USDA’s tentative numbers for the 2015 U.S. cotton crop are in line with a number of recent analyses.

John Robinson 1

December 22, 2014

3 Min Read

USDA provided us with a surprise gift right before Christmas.  During the first quarter of the year, we see a familiar roadmap of information milestones for the 2015 cotton outlook. These milestones include presentations at the Beltwide Cotton Conferences (early January), the National Cotton Council Annual Meeting (early February), USDA Outlook Forum (February 19), and USDA Prospective Plantings Report (end of March).  

One of the things released by USDA during the Outlook Forum is their official ten-year projection of cotton market supply/demand variables. However, for some innocuous bureaucratic reason, they released this projection on December 18.  Table 1 shows a portion of that outlook.      
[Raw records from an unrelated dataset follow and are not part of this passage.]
lemma joint_step_tracking:
  assumes d: "d < k" and q: "dstar \<delta>H q0 (take (pos d) S) = Some q"
    and ready: "\<forall>i\<in>I. ready i (qs i) d \<or> frozen i (qs i) d"
  shows "\<exists>q' qs'. ((q, qs, d), (q', qs', Suc d)) \<in> step \<and>
    dstar \<delta>H q0 (take (pos (Suc d)) S) = Some q' \<and>
    (\<forall>i\<in>I. tracking i (qs' i) (Suc d) \<or> frozen i (qs' i) (Suc d))"
proof -
  define e where "e = S ! pos d"
  obtain q' where q': "dstar \<delta>H q0 (take (pos (Suc d)) S) = Some q'"
    using prefix_run by blast
  with q take_pos_Suc[OF d] have "\<delta>H q e = Some q'"
    by (simp add: dstar_snoc e_def)
  moreover have "\<delta>H (qs i) e \<noteq> None" if "i \<in> I" "\<not> frozen i (qs i) d" "e \<in> So i" for i
    using ready_next_event[OF _ e_def \<open>e \<in> So i\<close> \<open>i \<in> I\<close>] ready that by blast
  ultimately have "((q, qs, d), (q', joint_move qs d e, Suc d)) \<in> step"
    using d by (intro step_jointI)
  with q' joint_move_tracking[OF _ d e_def] ready show ?thesis
    by blast
qed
We can make several points about these projections. First, USDA’s tentative numbers for the 2015 U.S. cotton crop are in line with a number of recent analyses. Everybody is expecting reduced planted acreage compared to last year. USDA is suggesting a little under 10 million planted acres of upland cotton. Where I would differ with their 2015/16 projection is I think yield will be a little higher, and abandonment will be a little lower. The reason for the discrepancy is that these projections fall back on assumptions about average abandonment (without considering this year’s greater rainfall) and simple increasing trend yields (again, without considering this year’s greater rainfall). That would give us about a million-bale difference in production, which I think will make ending stocks a little more burdensome than USDA is currently showing. They show stable ending stocks, year-over-year, while I would expect a modest year-over-year increase. Having said that, USDA still has a weak price conclusion for 2015, with a projected average upland cotton price of 59.5 cents.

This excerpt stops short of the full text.